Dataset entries
####
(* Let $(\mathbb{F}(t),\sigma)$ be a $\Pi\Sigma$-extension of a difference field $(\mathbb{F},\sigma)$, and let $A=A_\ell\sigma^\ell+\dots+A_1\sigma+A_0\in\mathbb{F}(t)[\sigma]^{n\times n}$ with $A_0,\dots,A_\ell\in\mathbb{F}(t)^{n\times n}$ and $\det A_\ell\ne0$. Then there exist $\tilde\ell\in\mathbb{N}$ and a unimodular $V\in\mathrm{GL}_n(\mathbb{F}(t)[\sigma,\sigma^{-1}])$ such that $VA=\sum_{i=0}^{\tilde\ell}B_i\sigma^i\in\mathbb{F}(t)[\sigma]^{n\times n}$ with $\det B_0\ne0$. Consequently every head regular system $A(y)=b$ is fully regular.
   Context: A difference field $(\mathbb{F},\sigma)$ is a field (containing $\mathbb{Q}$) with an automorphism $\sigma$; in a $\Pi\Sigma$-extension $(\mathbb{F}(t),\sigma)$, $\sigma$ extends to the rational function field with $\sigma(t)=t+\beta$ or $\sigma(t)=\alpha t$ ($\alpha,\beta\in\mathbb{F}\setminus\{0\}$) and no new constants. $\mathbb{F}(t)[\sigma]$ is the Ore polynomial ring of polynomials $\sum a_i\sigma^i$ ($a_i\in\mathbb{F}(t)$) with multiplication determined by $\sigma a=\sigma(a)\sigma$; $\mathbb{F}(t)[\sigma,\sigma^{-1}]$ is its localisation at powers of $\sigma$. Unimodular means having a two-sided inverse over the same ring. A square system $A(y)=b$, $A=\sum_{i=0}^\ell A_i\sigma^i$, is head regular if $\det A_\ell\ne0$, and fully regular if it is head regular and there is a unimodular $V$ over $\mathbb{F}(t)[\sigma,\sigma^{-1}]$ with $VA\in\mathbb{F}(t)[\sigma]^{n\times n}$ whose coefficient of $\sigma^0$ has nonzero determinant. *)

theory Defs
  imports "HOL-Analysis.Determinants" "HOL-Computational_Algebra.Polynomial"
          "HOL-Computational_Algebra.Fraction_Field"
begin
####
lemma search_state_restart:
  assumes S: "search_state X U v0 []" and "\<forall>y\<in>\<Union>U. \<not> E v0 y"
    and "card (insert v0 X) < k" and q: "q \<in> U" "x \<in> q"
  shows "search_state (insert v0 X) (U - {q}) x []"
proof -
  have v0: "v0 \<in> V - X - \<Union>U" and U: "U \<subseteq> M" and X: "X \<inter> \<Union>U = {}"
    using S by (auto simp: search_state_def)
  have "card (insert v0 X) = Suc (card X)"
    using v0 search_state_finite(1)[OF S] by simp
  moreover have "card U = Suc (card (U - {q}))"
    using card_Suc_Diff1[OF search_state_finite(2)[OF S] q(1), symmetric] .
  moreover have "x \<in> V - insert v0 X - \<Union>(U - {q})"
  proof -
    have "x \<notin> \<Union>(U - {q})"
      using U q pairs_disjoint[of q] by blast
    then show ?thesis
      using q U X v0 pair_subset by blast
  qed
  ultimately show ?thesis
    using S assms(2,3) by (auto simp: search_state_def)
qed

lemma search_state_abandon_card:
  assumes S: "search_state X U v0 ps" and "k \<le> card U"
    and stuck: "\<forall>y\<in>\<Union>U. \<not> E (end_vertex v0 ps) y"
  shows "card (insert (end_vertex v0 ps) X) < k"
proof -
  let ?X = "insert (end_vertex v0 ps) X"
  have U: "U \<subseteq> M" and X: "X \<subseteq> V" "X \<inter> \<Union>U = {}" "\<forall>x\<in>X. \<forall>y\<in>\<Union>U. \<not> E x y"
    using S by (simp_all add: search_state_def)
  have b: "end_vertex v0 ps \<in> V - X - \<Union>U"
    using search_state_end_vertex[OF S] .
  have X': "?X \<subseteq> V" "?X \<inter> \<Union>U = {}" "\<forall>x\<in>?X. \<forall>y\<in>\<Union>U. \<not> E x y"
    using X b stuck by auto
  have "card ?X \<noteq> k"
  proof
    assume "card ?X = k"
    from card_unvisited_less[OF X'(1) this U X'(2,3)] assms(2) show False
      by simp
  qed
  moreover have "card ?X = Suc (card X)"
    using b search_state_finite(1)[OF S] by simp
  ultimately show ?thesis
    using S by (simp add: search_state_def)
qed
####
Exercise instructions: Give the exact lines, and only those, from the line containing "then show ?thesis" through the line containing "(insert (end_vertex v0" in the entries above.

Output of the task:
    then show ?thesis
      using q U X v0 pair_subset by blast
  qed
  ultimately show ?thesis
    using S assms(2,3) by (auto simp: search_state_def)
qed

lemma search_state_abandon_card:
  assumes S: "search_state X U v0 ps" and "k \<le> card U"
    and stuck: "\<forall>y\<in>\<Union>U. \<not> E (end_vertex v0 ps) y"
  shows "card (insert (end_vertex v0 ps) X) < k"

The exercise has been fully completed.